Using the entries that follow, write out the line containing "section \<open>Quadratic growth", the line containing "by eventually_elim (auto", and every line between them, exactly and nothing else.

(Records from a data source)
>>
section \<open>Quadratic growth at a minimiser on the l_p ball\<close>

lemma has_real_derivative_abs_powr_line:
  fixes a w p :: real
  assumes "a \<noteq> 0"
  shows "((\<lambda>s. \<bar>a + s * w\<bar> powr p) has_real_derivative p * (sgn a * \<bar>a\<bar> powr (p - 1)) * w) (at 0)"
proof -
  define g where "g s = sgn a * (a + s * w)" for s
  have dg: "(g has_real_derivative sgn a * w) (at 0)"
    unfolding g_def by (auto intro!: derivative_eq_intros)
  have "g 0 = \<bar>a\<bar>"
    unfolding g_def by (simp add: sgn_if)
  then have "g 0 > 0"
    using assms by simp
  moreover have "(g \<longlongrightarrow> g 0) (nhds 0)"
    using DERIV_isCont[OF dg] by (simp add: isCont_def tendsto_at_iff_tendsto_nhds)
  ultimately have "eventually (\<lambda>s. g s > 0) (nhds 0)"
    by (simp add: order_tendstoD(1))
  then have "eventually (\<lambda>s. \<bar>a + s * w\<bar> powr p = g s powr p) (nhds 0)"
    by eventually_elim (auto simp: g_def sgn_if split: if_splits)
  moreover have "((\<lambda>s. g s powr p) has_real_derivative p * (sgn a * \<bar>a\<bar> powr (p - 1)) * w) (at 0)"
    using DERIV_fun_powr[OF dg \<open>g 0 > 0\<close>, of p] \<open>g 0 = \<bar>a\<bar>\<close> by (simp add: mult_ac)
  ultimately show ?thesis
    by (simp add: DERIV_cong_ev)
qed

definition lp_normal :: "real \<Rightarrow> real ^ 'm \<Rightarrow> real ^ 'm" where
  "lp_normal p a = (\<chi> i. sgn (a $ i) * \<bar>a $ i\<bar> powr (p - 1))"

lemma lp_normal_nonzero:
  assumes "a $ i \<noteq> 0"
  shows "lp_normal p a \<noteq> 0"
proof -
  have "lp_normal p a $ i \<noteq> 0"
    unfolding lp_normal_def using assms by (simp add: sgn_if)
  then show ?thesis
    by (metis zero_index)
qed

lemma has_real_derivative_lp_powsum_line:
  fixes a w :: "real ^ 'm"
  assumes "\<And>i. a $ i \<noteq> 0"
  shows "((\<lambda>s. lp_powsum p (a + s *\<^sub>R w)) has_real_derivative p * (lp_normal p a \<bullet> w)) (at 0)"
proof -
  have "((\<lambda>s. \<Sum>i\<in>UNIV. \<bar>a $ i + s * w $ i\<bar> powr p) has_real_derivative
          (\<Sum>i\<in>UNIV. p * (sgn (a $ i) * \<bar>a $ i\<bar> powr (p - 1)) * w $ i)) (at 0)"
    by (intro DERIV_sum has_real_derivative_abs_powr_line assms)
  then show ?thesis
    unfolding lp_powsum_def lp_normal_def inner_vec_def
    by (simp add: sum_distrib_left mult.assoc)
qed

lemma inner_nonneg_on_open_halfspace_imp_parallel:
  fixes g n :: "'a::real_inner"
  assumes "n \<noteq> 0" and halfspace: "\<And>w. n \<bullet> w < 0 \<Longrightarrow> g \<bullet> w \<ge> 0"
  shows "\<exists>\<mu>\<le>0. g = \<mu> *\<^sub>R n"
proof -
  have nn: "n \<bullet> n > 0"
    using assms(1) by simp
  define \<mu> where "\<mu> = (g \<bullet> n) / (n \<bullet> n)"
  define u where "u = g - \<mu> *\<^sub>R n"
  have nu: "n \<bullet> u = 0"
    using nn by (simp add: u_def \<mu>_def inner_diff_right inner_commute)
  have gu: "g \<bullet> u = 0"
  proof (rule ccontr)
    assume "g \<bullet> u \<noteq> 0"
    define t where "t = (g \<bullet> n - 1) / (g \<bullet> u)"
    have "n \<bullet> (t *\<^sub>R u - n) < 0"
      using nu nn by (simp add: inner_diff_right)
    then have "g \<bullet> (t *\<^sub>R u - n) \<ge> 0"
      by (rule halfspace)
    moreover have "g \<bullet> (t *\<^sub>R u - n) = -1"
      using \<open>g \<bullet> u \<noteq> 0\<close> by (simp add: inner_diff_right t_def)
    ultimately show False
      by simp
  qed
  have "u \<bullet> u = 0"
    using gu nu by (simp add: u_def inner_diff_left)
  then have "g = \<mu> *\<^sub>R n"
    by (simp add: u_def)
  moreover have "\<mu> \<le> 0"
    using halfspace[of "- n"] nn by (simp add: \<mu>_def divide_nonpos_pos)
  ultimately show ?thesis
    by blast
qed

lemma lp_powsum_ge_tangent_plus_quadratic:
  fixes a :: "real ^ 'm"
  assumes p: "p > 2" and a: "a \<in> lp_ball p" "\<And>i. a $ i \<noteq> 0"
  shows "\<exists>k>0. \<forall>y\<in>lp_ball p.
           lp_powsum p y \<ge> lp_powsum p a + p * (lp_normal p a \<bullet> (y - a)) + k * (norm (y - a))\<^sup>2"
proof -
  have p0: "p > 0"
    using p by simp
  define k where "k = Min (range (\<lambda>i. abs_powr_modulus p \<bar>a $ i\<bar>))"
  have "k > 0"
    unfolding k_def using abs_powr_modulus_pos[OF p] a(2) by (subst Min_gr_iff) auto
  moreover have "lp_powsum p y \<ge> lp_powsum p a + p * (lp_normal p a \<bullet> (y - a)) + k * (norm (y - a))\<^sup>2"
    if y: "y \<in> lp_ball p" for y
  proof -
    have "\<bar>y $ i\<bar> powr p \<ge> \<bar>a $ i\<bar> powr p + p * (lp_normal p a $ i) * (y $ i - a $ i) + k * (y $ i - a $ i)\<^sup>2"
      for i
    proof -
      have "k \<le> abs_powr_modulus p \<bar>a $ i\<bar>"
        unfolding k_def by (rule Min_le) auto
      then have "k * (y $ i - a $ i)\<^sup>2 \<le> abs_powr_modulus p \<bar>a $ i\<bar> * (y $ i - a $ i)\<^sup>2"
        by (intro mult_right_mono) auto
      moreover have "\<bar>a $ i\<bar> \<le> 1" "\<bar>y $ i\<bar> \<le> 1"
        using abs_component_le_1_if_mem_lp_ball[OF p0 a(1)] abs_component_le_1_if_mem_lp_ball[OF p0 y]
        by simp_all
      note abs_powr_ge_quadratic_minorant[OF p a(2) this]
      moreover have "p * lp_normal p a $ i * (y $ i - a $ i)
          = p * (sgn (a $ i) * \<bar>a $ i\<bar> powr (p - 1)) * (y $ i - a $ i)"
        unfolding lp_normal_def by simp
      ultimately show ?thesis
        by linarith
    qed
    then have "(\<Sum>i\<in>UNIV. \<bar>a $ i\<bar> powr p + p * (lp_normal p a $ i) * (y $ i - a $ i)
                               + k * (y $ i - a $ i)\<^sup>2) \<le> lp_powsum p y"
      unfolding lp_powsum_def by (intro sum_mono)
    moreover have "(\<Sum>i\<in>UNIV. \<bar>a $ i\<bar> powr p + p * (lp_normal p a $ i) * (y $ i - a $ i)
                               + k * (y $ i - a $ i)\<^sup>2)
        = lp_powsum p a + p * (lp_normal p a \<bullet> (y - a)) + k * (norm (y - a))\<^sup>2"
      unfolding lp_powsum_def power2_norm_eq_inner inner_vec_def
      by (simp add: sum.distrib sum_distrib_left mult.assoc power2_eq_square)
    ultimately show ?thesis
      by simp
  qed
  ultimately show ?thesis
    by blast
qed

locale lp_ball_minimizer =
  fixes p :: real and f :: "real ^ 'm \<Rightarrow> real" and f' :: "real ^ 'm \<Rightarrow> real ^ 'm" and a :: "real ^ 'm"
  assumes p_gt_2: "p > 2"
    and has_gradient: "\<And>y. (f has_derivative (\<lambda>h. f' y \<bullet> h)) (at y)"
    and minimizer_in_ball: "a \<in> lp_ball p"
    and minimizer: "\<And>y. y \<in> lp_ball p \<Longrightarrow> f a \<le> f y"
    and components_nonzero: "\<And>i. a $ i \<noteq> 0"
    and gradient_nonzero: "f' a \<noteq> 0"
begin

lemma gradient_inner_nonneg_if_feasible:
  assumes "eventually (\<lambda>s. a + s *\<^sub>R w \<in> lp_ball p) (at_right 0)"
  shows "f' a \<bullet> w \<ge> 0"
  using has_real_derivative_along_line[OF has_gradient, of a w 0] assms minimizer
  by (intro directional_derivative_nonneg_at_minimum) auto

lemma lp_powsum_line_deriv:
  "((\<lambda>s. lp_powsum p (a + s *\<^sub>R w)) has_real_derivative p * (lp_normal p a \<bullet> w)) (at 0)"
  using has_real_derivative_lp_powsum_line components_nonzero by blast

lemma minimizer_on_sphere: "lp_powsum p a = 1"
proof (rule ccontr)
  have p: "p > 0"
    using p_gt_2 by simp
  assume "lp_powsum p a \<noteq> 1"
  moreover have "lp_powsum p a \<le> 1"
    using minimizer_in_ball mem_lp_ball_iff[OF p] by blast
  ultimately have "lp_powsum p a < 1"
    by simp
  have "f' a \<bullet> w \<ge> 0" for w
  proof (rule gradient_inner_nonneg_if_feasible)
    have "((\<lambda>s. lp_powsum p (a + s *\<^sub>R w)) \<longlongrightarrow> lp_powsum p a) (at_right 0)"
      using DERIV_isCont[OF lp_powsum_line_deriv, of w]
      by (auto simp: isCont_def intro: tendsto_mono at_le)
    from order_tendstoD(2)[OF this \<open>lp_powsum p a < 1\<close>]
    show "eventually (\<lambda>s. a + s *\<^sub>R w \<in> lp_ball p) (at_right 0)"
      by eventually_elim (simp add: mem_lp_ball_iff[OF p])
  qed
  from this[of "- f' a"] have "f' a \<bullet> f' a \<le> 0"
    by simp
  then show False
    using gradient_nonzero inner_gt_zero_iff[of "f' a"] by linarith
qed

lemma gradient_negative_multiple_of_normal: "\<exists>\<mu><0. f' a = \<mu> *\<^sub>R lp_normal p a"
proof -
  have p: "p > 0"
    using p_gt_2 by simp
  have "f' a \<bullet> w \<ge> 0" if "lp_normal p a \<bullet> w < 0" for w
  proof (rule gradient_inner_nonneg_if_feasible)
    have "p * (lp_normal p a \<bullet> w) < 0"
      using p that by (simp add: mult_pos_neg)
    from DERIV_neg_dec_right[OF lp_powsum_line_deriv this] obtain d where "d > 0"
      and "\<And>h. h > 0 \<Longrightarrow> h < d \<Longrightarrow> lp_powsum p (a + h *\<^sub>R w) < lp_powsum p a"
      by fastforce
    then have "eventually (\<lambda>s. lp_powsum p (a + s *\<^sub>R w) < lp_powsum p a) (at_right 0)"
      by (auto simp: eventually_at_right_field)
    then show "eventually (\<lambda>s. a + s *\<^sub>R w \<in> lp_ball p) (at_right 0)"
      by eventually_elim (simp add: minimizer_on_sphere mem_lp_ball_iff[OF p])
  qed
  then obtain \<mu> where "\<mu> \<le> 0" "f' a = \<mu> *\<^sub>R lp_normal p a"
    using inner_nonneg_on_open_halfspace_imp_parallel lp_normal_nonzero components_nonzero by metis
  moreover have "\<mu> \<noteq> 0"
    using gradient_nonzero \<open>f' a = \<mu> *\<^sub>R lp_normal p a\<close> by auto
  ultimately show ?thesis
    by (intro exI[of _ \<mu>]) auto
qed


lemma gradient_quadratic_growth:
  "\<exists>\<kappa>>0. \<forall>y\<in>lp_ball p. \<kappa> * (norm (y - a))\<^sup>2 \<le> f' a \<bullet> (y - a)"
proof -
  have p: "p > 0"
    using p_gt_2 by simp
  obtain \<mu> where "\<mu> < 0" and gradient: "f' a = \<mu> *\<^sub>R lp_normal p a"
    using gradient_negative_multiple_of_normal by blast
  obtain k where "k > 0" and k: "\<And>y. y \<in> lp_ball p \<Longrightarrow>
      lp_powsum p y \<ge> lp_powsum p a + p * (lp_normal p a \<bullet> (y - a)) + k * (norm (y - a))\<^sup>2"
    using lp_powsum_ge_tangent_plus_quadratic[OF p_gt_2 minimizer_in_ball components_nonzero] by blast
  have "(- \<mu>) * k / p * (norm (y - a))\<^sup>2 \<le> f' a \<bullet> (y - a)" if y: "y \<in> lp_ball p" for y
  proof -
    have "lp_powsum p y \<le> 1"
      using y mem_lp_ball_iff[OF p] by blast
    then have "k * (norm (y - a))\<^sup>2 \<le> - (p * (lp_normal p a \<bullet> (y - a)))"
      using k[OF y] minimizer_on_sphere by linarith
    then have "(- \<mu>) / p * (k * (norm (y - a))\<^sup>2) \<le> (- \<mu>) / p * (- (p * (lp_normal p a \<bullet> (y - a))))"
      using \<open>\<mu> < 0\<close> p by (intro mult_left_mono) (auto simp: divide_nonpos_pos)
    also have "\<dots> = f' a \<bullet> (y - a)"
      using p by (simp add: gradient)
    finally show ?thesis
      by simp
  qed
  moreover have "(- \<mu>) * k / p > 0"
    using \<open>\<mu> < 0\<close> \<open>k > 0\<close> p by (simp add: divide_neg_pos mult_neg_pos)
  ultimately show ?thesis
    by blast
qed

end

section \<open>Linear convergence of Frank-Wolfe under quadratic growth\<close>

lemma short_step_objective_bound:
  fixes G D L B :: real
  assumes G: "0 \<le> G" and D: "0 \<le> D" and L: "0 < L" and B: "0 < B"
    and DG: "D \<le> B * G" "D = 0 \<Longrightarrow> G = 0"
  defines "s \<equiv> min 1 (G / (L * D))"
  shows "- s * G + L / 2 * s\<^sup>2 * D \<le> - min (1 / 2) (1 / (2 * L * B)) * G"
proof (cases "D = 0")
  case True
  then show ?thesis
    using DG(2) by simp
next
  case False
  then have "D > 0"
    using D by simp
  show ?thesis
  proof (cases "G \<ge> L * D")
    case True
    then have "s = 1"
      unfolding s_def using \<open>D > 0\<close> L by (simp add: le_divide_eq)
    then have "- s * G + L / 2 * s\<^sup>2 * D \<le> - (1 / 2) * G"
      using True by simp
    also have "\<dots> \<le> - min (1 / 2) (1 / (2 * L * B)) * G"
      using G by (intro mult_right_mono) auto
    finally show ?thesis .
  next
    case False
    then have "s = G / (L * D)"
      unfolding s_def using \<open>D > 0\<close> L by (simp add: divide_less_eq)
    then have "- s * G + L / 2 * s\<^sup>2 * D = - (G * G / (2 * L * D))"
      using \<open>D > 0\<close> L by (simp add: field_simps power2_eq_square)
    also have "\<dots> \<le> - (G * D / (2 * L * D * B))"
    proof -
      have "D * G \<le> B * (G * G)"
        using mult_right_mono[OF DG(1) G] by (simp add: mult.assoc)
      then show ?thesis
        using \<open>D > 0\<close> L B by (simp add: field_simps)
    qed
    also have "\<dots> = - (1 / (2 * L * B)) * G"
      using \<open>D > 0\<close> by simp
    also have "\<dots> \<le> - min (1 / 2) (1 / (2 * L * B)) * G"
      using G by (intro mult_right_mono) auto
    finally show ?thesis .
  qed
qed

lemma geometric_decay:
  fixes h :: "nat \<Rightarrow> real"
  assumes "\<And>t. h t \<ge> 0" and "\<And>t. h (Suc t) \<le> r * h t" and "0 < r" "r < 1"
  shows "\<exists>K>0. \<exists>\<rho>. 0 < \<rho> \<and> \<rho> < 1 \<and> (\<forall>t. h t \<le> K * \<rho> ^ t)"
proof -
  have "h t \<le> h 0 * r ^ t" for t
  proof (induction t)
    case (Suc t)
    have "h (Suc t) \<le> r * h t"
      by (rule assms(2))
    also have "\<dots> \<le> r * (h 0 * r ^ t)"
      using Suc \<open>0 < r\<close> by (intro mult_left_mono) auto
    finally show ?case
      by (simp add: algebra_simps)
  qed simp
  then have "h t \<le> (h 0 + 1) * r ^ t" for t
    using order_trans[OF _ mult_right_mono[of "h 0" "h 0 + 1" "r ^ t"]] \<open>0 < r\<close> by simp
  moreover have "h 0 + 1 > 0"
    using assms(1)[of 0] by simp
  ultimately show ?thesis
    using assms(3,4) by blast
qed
<<
>>
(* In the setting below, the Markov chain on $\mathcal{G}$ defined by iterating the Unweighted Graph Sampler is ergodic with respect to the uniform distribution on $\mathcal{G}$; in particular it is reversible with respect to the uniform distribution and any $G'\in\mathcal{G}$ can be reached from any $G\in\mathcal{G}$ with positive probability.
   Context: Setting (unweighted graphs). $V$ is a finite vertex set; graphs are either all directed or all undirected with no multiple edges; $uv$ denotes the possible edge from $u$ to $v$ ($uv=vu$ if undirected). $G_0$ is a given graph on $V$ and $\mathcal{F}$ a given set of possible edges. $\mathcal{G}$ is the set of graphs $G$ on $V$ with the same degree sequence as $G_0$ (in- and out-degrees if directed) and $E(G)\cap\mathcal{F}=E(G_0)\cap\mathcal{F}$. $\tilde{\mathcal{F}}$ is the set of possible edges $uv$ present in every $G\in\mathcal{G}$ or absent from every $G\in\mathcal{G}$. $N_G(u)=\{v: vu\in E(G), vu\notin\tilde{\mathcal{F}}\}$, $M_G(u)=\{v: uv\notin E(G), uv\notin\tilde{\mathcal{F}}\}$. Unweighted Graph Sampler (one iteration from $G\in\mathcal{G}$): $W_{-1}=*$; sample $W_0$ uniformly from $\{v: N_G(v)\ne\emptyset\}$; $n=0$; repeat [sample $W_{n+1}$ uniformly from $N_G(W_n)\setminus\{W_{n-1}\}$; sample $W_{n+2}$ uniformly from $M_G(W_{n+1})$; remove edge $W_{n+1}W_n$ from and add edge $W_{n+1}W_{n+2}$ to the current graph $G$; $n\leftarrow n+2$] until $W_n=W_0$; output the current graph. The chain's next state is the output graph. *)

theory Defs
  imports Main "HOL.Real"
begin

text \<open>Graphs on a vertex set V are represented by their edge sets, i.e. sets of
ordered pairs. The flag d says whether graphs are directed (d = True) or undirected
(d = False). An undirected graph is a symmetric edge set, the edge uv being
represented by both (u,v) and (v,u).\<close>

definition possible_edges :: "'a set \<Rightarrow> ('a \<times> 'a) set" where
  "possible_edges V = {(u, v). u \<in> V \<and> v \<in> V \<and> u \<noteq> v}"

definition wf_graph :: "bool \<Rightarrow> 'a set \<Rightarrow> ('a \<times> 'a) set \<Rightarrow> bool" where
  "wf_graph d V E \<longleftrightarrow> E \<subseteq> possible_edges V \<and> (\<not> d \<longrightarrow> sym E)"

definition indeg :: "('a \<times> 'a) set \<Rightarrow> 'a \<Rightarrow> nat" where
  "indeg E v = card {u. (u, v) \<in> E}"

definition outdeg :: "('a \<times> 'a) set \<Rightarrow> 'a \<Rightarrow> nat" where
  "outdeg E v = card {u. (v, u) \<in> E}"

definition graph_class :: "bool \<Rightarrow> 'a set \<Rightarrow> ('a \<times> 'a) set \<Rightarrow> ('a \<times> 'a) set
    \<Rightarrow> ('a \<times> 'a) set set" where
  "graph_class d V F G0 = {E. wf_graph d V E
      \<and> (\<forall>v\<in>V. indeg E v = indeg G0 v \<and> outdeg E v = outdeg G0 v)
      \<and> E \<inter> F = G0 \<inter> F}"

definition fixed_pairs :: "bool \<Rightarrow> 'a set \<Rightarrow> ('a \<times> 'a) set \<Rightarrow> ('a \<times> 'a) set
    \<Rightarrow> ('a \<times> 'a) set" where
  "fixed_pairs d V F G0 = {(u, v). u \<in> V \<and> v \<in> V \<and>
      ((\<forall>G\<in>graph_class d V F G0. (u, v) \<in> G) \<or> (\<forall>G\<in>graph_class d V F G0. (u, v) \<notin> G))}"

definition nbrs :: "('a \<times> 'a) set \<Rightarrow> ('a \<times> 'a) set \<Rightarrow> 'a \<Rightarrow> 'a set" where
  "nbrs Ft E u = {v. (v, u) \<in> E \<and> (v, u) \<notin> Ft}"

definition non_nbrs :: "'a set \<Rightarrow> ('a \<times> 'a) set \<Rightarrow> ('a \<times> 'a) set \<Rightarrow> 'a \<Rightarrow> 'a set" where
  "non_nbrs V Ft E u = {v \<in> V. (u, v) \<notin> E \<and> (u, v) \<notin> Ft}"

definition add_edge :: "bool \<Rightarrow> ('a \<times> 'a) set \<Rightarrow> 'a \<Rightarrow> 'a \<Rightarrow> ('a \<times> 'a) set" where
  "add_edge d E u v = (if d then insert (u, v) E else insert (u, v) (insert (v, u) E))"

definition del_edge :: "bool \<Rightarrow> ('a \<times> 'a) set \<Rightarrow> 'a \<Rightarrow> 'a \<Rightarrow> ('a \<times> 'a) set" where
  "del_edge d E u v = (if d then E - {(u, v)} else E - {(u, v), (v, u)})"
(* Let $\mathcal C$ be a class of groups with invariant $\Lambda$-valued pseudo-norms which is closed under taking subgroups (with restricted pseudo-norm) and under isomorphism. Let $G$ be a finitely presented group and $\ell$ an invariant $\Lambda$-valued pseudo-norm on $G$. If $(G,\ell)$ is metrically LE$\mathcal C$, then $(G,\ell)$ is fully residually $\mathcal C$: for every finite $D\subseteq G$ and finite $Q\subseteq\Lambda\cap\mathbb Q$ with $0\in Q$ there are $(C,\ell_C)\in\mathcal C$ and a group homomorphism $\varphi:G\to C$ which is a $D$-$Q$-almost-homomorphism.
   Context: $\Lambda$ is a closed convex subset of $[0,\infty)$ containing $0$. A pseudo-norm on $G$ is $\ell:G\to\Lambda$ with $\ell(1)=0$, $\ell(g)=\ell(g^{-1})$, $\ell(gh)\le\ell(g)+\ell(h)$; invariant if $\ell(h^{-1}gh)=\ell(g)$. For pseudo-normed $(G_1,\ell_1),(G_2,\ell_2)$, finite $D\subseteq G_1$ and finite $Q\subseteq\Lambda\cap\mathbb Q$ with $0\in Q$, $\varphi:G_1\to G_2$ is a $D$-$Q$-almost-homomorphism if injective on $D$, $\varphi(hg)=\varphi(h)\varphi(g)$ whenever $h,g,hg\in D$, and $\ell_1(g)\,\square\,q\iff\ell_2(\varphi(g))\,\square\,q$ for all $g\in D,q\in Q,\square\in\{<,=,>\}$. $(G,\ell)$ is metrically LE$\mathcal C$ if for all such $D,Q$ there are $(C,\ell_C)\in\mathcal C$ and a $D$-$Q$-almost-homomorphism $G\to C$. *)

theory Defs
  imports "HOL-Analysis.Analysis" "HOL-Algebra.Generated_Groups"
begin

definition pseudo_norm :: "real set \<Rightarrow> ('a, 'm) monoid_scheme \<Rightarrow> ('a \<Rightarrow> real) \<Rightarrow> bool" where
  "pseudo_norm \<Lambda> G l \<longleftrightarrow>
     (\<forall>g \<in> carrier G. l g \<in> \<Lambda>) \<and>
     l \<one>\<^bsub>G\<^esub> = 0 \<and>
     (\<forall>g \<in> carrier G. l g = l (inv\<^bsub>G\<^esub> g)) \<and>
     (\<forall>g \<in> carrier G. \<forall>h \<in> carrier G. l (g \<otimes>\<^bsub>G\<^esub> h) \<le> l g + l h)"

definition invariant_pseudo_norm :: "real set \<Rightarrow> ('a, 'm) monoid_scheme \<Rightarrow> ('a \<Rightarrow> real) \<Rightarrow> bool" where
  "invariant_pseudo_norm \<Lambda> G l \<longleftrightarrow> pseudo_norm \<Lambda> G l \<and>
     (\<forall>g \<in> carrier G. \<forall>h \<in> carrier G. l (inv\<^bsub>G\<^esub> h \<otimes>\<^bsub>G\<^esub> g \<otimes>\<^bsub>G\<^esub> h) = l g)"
<<
**EXERCISE OUTPUT**
section \<open>Quadratic growth at a minimiser on the l_p ball\<close>

lemma has_real_derivative_abs_powr_line:
  fixes a w p :: real
  assumes "a \<noteq> 0"
  shows "((\<lambda>s. \<bar>a + s * w\<bar> powr p) has_real_derivative p * (sgn a * \<bar>a\<bar> powr (p - 1)) * w) (at 0)"
proof -
  define g where "g s = sgn a * (a + s * w)" for s
  have dg: "(g has_real_derivative sgn a * w) (at 0)"
    unfolding g_def by (auto intro!: derivative_eq_intros)
  have "g 0 = \<bar>a\<bar>"
    unfolding g_def by (simp add: sgn_if)
  then have "g 0 > 0"
    using assms by simp
  moreover have "(g \<longlongrightarrow> g 0) (nhds 0)"
    using DERIV_isCont[OF dg] by (simp add: isCont_def tendsto_at_iff_tendsto_nhds)
  ultimately have "eventually (\<lambda>s. g s > 0) (nhds 0)"
    by (simp add: order_tendstoD(1))
  then have "eventually (\<lambda>s. \<bar>a + s * w\<bar> powr p = g s powr p) (nhds 0)"
    by eventually_elim (auto simp: g_def sgn_if split: if_splits)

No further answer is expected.